The founder of Kays, John Jay Kay (1895-1973; born Jacob Kalinski), opened his first grocery shop at 15 Magdalen Street, Norwich, in October 1921. By reinvesting profits, Kay soon opened a second outlet in Norwich, followed by a third in Ipswich. Around 1930 he moved his family to Ealing and settled into a new head office at Doreth House, 50-53 Cowper Street, London. William Nelson Overland (1890-1943) became Kay’s business partner in 1931. Like so many multiple retailers, both men became involved in property development as well as retailing.
By 1935, when John Kay Ltd. floated as a public company to finance further expansion, the chain comprised 71 branches dotted through the South-East England and the Midlands, extending as far north as Sheffield. Of these shops, 19 had opened in 1934. The company owned seven freeholds; all other branches were held on a leasehold basis. Kay’s own carpentry department fitted out the interiors, but not the shopfronts, which were commissioned from a professional shopfitter.

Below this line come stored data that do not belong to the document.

lemma has_dim_le_if_pow_le_card:
  assumes "has_dim s (ereal k)" "eventually (\<lambda>i. s i ^ j \<le> card (univ (M i))) U"
  shows "k * j \<le> 1"
proof -
  have s: "eventually (\<lambda>i. 0 < s i) U"
    and lim: "((\<lambda>i. ln (real (s i)) / ln (real (card (univ (M i))))) \<longlongrightarrow> k) U"
    using assms(1) by (auto simp: has_dim_ereal_iff)
  have "eventually (\<lambda>i. ln (real (s i)) / ln (real (card (univ (M i)))) * j \<le> 1) U"
    using s assms(2) infinite[of 1]
  proof eventually_elim
    case (elim i)
    then have "j * ln (real (s i)) \<le> ln (real (card (univ (M i))))"
      by (simp add: ln_realpow[symmetric] flip: of_nat_power)
    then show ?case using elim by (simp add: divide_le_eq mult.commute)
  qed
  then show ?thesis
    using tendsto_upperbound[OF tendsto_mult_right[OF lim] _ U_not_bot] by blast
qed

lemma has_dim_ge_if_card_le_pow:
  assumes "has_dim s (ereal k)" "eventually (\<lambda>i. card (univ (M i)) \<le> s i ^ j) U"
  shows "1 \<le> k * j"
proof -
  have s: "eventually (\<lambda>i. 0 < s i) U"
    and lim: "((\<lambda>i. ln (real (s i)) / ln (real (card (univ (M i))))) \<longlongrightarrow> k) U"
    using assms(1) by (auto simp: has_dim_ereal_iff)
  have "eventually (\<lambda>i. 1 \<le> ln (real (s i)) / ln (real (card (univ (M i)))) * j) U"
    using s assms(2) infinite[of 1]
  proof eventually_elim
    case (elim i)
    then have "ln (real (card (univ (M i)))) \<le> j * ln (real (s i))"
      by (simp add: ln_realpow[symmetric] flip: of_nat_power)
    then show ?case using elim by (simp add: le_divide_eq mult.commute)
  qed
  then show ?thesis
    using tendsto_lowerbound[OF tendsto_mult_right[OF lim] _ U_not_bot] by blast
qed
lemma pinned_insert: "pinned K (insert i S) = {y\<in>pinned K S. y i = 0}"
  by (auto simp: pinned_def)

lemma frozen_mono_insert: "frozen K S \<subseteq> frozen K (insert i S)"
  by (auto simp: frozen_def pinned_def)

lemma not_freezes_iff:
  "\<not> freezes K S i j \<longleftrightarrow> (\<forall>x\<in>pinned K S. x j = 0) \<or> (\<exists>y\<in>pinned K S. y i = 0 \<and> y j \<noteq> 0)"
  by (auto simp: freezes_def frozen_def pinned_insert)

lemma frozen_count_insert:
  assumes "finite U"
  shows "frozen_count K U (insert i S) = frozen_count K U S + card {j\<in>U. freezes K S i j}"
proof -
  have "frozen K (insert i S) \<inter> U = (frozen K S \<inter> U) \<union> {j\<in>U. freezes K S i j}"
    using frozen_mono_insert[of K S i] by (auto simp: freezes_def)
  moreover have "(frozen K S \<inter> U) \<inter> {j\<in>U. freezes K S i j} = {}"
    by (auto simp: freezes_def)
  ultimately show ?thesis
    using assms by (simp add: frozen_count_def card_Un_disjoint)
qed

lemma sum_frozen_count_insert:
  assumes "finite U"
  shows "(\<Sum>i\<in>U. frozen_count K U (insert i S)) = card U * frozen_count K U S + freezing_pairs K U S"
  by (simp add: frozen_count_insert[OF assms] sum.distrib freezing_pairs_def)

lemma finite_vanishing_outside:
  "finite {x :: nat \<Rightarrow> 'a::{zero,finite}. \<forall>j. j \<ge> n \<longrightarrow> x j = 0}"
proof -
  have "{x :: nat \<Rightarrow> 'a. \<forall>j. j \<ge> n \<longrightarrow> x j = 0}
      \<subseteq> (\<lambda>f j. if j < n then f j else 0) ` PiE {..<n} (\<lambda>_. UNIV)"
  proof
    fix x :: "nat \<Rightarrow> 'a" assume "x \<in> {x. \<forall>j. j \<ge> n \<longrightarrow> x j = 0}"
    then have "x = (\<lambda>j. if j < n then restrict x {..<n} j else 0)"
      by (auto simp: fun_eq_iff)
    then show "x \<in> (\<lambda>f j. if j < n then f j else 0) ` PiE {..<n} (\<lambda>_. UNIV)"
      by (intro image_eqI[of _ _ "restrict x {..<n}"]) auto
  qed
  then show ?thesis
    by (rule finite_subset) (intro finite_imageI finite_PiE; simp)
qed
(* There exists a constant $C_0>0$, independent of $P$, $T$ and $\Delta$ (it may depend on $\lambda_1,\lambda_2$), such that for all $P>0$, $\Delta>0$, $T\in\mathbb{N}$, the quantizer $q_r$ satisfies $$\mathbb{E}[r_{\rm loss}]\le \log_2\Big(1+C_0\,P\,\max\{e^{-T\Delta/\lambda_1},\Delta\}\Big).$$
   Context: $H_1,H_2$ are independent exponential random variables with means $\lambda_1\ge\lambda_2>0$ (density $e^{-x/\lambda_i}/\lambda_i$, $x>0$); $P>0$ is the total power. For $a\ge b\ge0$ with $a>0$ let $A(a,b)=\frac{2b}{\sqrt{(a+b)^2+4ab^2P}+a+b}$. Full-CSI maximum minimum rate: $r_{\max}=\log_2(1+PH_1A(H_1,H_2))$ if $H_1\ge H_2$ and $r_{\max}=\log_2(1+PH_2A(H_2,H_1))$ if $H_1<H_2$. Quantizer: $q_r(x)=\lfloor x/\Delta\rfloor\Delta$ for $x\le T\Delta$, $q_r(x)=T\Delta$ for $x>T\Delta$. Let $a_i=q_r(H_i)$; if $a_1\ge a_2$ let $(s,w)=(1,2)$, otherwise $(s,w)=(2,1)$. Power fraction for the stronger receiver's message: $\alpha_q=A(a_s,a_w)$ if $a_1,a_2>0$, else $\alpha_q=0$. Adapted rates: $r_{s,q}=\log_2(1+P\alpha_qa_s)$, $r_{w,q}=\log_2\big(1+\frac{Pa_w(1-\alpha_q)}{Pa_w\alpha_q+1}\big)$. Rate loss: $r_{\rm loss}=r_{\max}-\min\{r_{1,q},r_{2,q}\}$. *)

theory Defs
  imports "HOL-Probability.Probability"
begin

definition exp_dens :: "real \<Rightarrow> real \<Rightarrow> real" where
  "exp_dens lam x = (if x > 0 then exp (- x / lam) / lam else 0)"

definition chan_law :: "real \<Rightarrow> real \<Rightarrow> (real \<times> real) measure" where
  "chan_law l1 l2 = density lborel (\<lambda>x. ennreal (exp_dens l1 x))
                     \<Otimes>\<^sub>M density lborel (\<lambda>x. ennreal (exp_dens l2 x))"

definition Afrac :: "real \<Rightarrow> real \<Rightarrow> real \<Rightarrow> real" where
  "Afrac P a b = 2 * b / (sqrt ((a + b)^2 + 4 * a * b^2 * P) + a + b)"

definition r_max :: "real \<Rightarrow> real \<Rightarrow> real \<Rightarrow> real" where
  "r_max P h1 h2 = (if h1 \<ge> h2 then log 2 (1 + P * h1 * Afrac P h1 h2)
                    else log 2 (1 + P * h2 * Afrac P h2 h1))"

definition q_r :: "nat \<Rightarrow> real \<Rightarrow> real \<Rightarrow> real" where
  "q_r T \<Delta> x = (if x \<le> real T * \<Delta> then real_of_int \<lfloor>x / \<Delta>\<rfloor> * \<Delta> else real T * \<Delta>)"

definition rates_q :: "real \<Rightarrow> nat \<Rightarrow> real \<Rightarrow> real \<Rightarrow> real \<Rightarrow> real \<times> real" where
  "rates_q P T \<Delta> h1 h2 =
     (let a1 = q_r T \<Delta> h1; a2 = q_r T \<Delta> h2;
          as = (if a1 \<ge> a2 then a1 else a2);
          aw = (if a1 \<ge> a2 then a2 else a1);
          \<alpha> = (if a1 > 0 \<and> a2 > 0 then Afrac P as aw else 0);
          rs = log 2 (1 + P * \<alpha> * as);
          rw = log 2 (1 + P * aw * (1 - \<alpha>) / (P * aw * \<alpha> + 1))
      in if a1 \<ge> a2 then (rs, rw) else (rw, rs))"

definition r_loss :: "real \<Rightarrow> nat \<Rightarrow> real \<Rightarrow> real \<Rightarrow> real \<Rightarrow> real" where
  "r_loss P T \<Delta> h1 h2 = r_max P h1 h2 - min (fst (rates_q P T \<Delta> h1 h2)) (snd (rates_q P T \<Delta> h1 h2))"

end

theory Submission
  imports Defs
begin

text \<open>
  With the rate-balancing power split both receivers see the same SNR \<open>Y(a,b) = P a A(a,b)\<close>,
  the nonnegative root of \<open>y(y+1)/a + y/b = P\<close>; so \<open>r\<^sub>m\<^sub>a\<^sub>x = log\<^sub>2(1 + Y(h\<^sub>s,h\<^sub>w))\<close> and both
  adapted rates equal \<open>log\<^sub>2(1 + Y(a\<^sub>s,a\<^sub>w))\<close>. This characterisation shows that \<open>Y\<close> is
  \<open>P\<close>-Lipschitz in each gain and bounded by \<open>P b\<close>. Hence the loss is always at most
  \<open>log\<^sub>2(1 + P min(h\<^sub>1,h\<^sub>2))\<close>, and at most \<open>log\<^sub>2(1 + 2P\<Delta>)\<close> when both gains lie in \<open>[\<Delta>, T\<Delta>]\<close>.
  So the loss is bounded by \<open>log\<^sub>2(1 + P g)\<close> for a majorant \<open>g\<close> of mean
  \<open>2\<Delta> + \<lambda>\<^sub>2 exp(-T\<Delta>/\<lambda>\<^sub>1) + \<lambda>\<^sub>1 exp(-T\<Delta>/\<lambda>\<^sub>2) \<le> (2 + 2\<lambda>\<^sub>1) max(exp(-T\<Delta>/\<lambda>\<^sub>1), \<Delta>)\<close>,
  and Jensen's inequality for the concave function \<open>log\<^sub>2(1 + \<cdot>)\<close> finishes the proof.
\<close>

subsection \<open>The balanced SNR\<close>

definition balanced_snr :: "real \<Rightarrow> real \<Rightarrow> real \<Rightarrow> real" where
  "balanced_snr P a b = P * a * Afrac P a b"

lemma balanced_snr_equation:
  assumes P: "P > 0" and a: "a > 0" and b: "b > 0"
  defines "y \<equiv> balanced_snr P a b"
  shows "y \<ge> 0" and "y * (y + 1) / a + y / b = P"
proof -
  define S where "S = sqrt ((a + b)^2 + 4 * a * b^2 * P)"
  have S2: "S^2 = (a + b)^2 + 4 * a * b^2 * P"
    unfolding S_def using a b P by (simp add: zero_le_mult_iff)
  have S_ge: "S \<ge> a + b"
    unfolding S_def using a b P by (intro real_le_rsqrt) (simp add: zero_le_mult_iff)
  have "y * (S + a + b) = P * a * (2 * b)"
    using S_ge a b unfolding y_def balanced_snr_def Afrac_def S_def[symmetric] by (simp add: field_simps)
  then have "(y * (2 * b)) * (S + a + b) = P * a * (2 * b) * (2 * b)"
    by (metis mult.assoc mult.commute)
  also have "\<dots> = (S - a - b) * (S + a + b)"
    using S2 by (simp add: algebra_simps power2_eq_square)
  finally have "(y * (2 * b)) * (S + a + b) = (S - a - b) * (S + a + b)" .
  then have "y * (2 * b) = S - a - b"
    using S_ge a b mult_right_cancel[of "S + a + b" "y * (2 * b)" "S - a - b"] by simp
  then have y: "y = (S - a - b) / (2 * b)"
    using b by (simp add: field_simps)
  then show "y \<ge> 0" using S_ge b by simp
  have "(2 * b * y + a + b)^2 = (a + b)^2 + 4 * a * b^2 * P"
    using y b S2 by (simp add: field_simps)
  then have "4 * b * (y * (y + 1) * b + y * a) = 4 * b * (P * a * b)"
    by (simp add: algebra_simps power2_eq_square)
  then have "y * (y + 1) * b + y * a = P * a * b" using b by simp
  then show "y * (y + 1) / a + y / b = P" using a b by (simp add: field_simps)
qed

Job advertisements for managers and shop assistants reveal that numerous branches of Kays Modern Food Stores opened in the late 1930s, including that in Ely. The chain had grown to 104 branches by 1938, and continued to expand. Although Kays kept a fleet of vans for home deliveries, errand boys were under strict instructions to collect cash payments. A home delivery service did not always mean that credit was available.

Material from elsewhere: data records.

text \<open>Points of the plane are vectors in real^2. A point process of tier k is represented
  by an enumeration: its number of points N k w (possibly infinite) and its points
  X k n w for n < N k w.\<close>

definition PPset :: "(nat \<Rightarrow> nat \<Rightarrow> 'a \<Rightarrow> real^2) \<Rightarrow> (nat \<Rightarrow> 'a \<Rightarrow> enat) \<Rightarrow> nat \<Rightarrow> 'a \<Rightarrow> (real^2) set"
  where "PPset X N k w = {X k n w | n. enat n < N k w}"

text \<open>Gamma(a,1) density for a positive integer shape a: this is the Erlang density
  with parameter a - 1 and rate 1, i.e. x^(a-1) e^(-x) / (a-1)! for x >= 0.\<close>

definition gamma_density :: "nat \<Rightarrow> real \<Rightarrow> real"
  where "gamma_density a = erlang_density (a - 1) 1"

definition interference ::
  "nat \<Rightarrow> (nat \<Rightarrow> real) \<Rightarrow> real \<Rightarrow> (nat \<Rightarrow> nat \<Rightarrow> 'a \<Rightarrow> real^2) \<Rightarrow> (nat \<Rightarrow> 'a \<Rightarrow> enat)
    \<Rightarrow> (nat \<Rightarrow> nat \<Rightarrow> 'a \<Rightarrow> real) \<Rightarrow> 'a \<Rightarrow> real^2 \<Rightarrow> ennreal"
  where "interference K P \<alpha> X N g w x =
    (\<Sum>j\<in>{1..K}. \<Sum>\<^sub>\<infinity> m\<in>{m. enat m < N j w \<and> X j m w \<noteq> x}.
        ennreal (P j * g j m w * norm (X j m w) powr (- \<alpha>)))"

definition SIR ::
  "nat \<Rightarrow> (nat \<Rightarrow> real) \<Rightarrow> real \<Rightarrow> (nat \<Rightarrow> nat \<Rightarrow> 'a \<Rightarrow> real^2) \<Rightarrow> (nat \<Rightarrow> 'a \<Rightarrow> enat)
    \<Rightarrow> (nat \<Rightarrow> nat \<Rightarrow> 'a \<Rightarrow> real) \<Rightarrow> (nat \<Rightarrow> nat \<Rightarrow> 'a \<Rightarrow> real) \<Rightarrow> nat \<Rightarrow> nat \<Rightarrow> 'a \<Rightarrow> ennreal"
  where "SIR K P \<alpha> X N h g k n w =
    ennreal (P k * h k n w * norm (X k n w) powr (- \<alpha>)) / interference K P \<alpha> X N g w (X k n w)"

text \<open>Open access coverage: for some tier k, the largest SIR over tier-k BSs exceeds beta_k
  (the supremum exceeds beta_k iff some BS has SIR above beta_k).\<close>

definition covered ::
  "nat \<Rightarrow> (nat \<Rightarrow> real) \<Rightarrow> (nat \<Rightarrow> real) \<Rightarrow> real \<Rightarrow> (nat \<Rightarrow> nat \<Rightarrow> 'a \<Rightarrow> real^2) \<Rightarrow> (nat \<Rightarrow> 'a \<Rightarrow> enat)
    \<Rightarrow> (nat \<Rightarrow> nat \<Rightarrow> 'a \<Rightarrow> real) \<Rightarrow> (nat \<Rightarrow> nat \<Rightarrow> 'a \<Rightarrow> real) \<Rightarrow> 'a \<Rightarrow> bool"
  where "covered K P \<beta> \<alpha> X N h g w \<longleftrightarrow>
    (\<exists>k\<in>{1..K}. (SUP n\<in>{n. enat n < N k w}. SIR K P \<alpha> X N h g k n w) > ennreal (\<beta> k))"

In 1943 Overland died and Kay sold the chain to Moores Stores Ltd., a growing business based in Newcastle. The shops were doubtless too small to be converted to the self-service format and were dispensed with after the war. The last few branches closed in 1953. Meanwhile, Kay became a farmer, buying Bourne Place in Hildenborough, Kent, where he bred Sussex cattle.

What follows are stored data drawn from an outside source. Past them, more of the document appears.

(* Let $\mathbb{W}$ be a subgroup of the finite group $\mathbb{W}_3$ that contains $\mathbb{W}_3^{\mathfrak{A}}$, and let $G$ be a $\mathbb{W}$-invariant finite subgroup of $\mathbb{T}_3$. Then there exists $n\in\mathbb{N}$ such that one of the following three possibilities holds: \begin{enumerate} \item $G\cong\mu_n^3$; \item $n$ is even and $G\cong\mu_{n}^2\times\mu_{\frac{n}{2}}$; \item $n$ is divisible by $4$ and $G\cong\mu_{n}^2\times\mu_{\frac{n}{4}}$. \end{enumerate} Here $\mu_k$ denotes the cyclic group of order $k$.
   Context: Let $M_1=\mathbb{Z}^4/\langle h_1+h_2+h_3+h_4\rangle$ with the action of $\mathfrak{S}_4\times\mu_2$ where $\mathfrak{S}_4$ permutes the $h_i$ and the generator of $\mu_2$ acts as $-\mathrm{id}$. $M_3$ is the dual lattice of $M_1$ with the induced (contragredient) action of $\mathfrak{S}_4\times\mu_2$; equivalently $M_3$ is the root lattice of $A_3$ with its $\mathrm{Aut}(A_3)$-action. The image of this action in $\mathrm{GL}(M_3)\cong\mathrm{GL}_3(\mathbb{Z})$ is $\mathbb{W}_3$, and $\mathbb{W}_3^{\mathfrak{A}}$ is its unique subgroup isomorphic to $\mathfrak{A}_4$ (image of $\mathfrak{A}_4\times\{1\}$). $\mathbb{T}_3=\mathrm{Spec}\,\mathbb{C}[M_3]\cong\mathbb{G}_m^3$, on which $\mathrm{GL}(M_3)$ acts by group automorphisms via its action on characters. Concretely, $\mathbb{T}_3$ is the quotient of $\mathbb{T}_2=\mathbb{G}_m^3$ (coordinates $\mathsf{t}_1,\mathsf{t}_2,\mathsf{t}_3$) by the involution $(\mathsf{t}_1,\mathsf{t}_2,\mathsf{t}_3)\mapsto(-\mathsf{t}_1,-\mathsf{t}_2,-\mathsf{t}_3)$, with coordinates $\mathsf{t}_1\mathsf{t}_2,\mathsf{t}_1\mathsf{t}_3,\mathsf{t}_2\mathsf{t}_3$. *)

theory Defs
  imports "HOL-Algebra.Algebra" "HOL-Combinatorics.Permutations" "HOL-Library.Numeral_Type"
begin

text \<open>M_3: the dual of M_1 = Z^4 / <h1+h2+h3+h4>, realised as the sum-zero sublattice
  of Z^4 (the A_3 root lattice). Vectors of Z^4 are functions of type 4 => int.\<close>
definition M3 :: "(4 \<Rightarrow> int) set" where
  "M3 = {x. (\<Sum>i\<in>UNIV. x i) = 0}"

text \<open>Action of (sigma, eps) in S_4 x mu_2 on Z^4 (contragredient of the action on M_1):
  permutation of coordinates and multiplication by eps = +1 / -1.\<close>
definition mact :: "(4 \<Rightarrow> 4) \<Rightarrow> int \<Rightarrow> (4 \<Rightarrow> int) \<Rightarrow> (4 \<Rightarrow> int)" where
  "mact s e x = (\<lambda>i. e * x (inv_into UNIV s i))"

text \<open>W_3: the image of S_4 x mu_2 in GL(M_3), elements as (extensional) maps M_3 -> M_3.\<close>
definition W3 :: "((4 \<Rightarrow> int) \<Rightarrow> (4 \<Rightarrow> int)) set" where
  "W3 = {restrict (mact s e) M3 | s e. s permutes UNIV \<and> (e = 1 \<or> e = -1)}"

definition W3A :: "((4 \<Rightarrow> int) \<Rightarrow> (4 \<Rightarrow> int)) set" where
  "W3A = {restrict (mact s 1) M3 | s. s permutes UNIV \<and> evenperm s}"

Kay’s shops had bright red fascias. In Sevenoaks this was too much for the Council – already battling with Woolworth’s over its ‘signal red’ – so they asked Messrs Kay to change the colour to blue ‘and that if this is not possible a less glaring shade of red be substituted’. Such wrangles with local authorities were becoming increasingly common in the late 1930s.
A 1944 photograph of the Bedford store shows the name ‘Kays’ fitted into a lunette-shaped fascia – a fashion of the 1910s and 1920s also adopted by the Melias grocery chain – flanked by the slogans ‘for price’ and ‘for quality’. A sign beneath the canopy box read ‘Modern Food Stores’. Bedford may have been one of Kay’s early branches.

The Ely branch of c.1938 – part of the newly-built Coronation Parade – was similar to the Bedford shop, with a narrow frontage, boxy windows and steel vents. The use of black and white Vitrolite and shiny stainless-steel frames imparted an air of hygiene and efficiency. Kays’ name survives in the vents and in the terrazzo floor of the entrance lobby, which is edged by a white marble threshold strip of the type commonly used for all kinds of food shops. Historic photographs – for example of the Dagenham branch – show that this was the standard house style of the late 1930s. It may, however, be the only one that survives.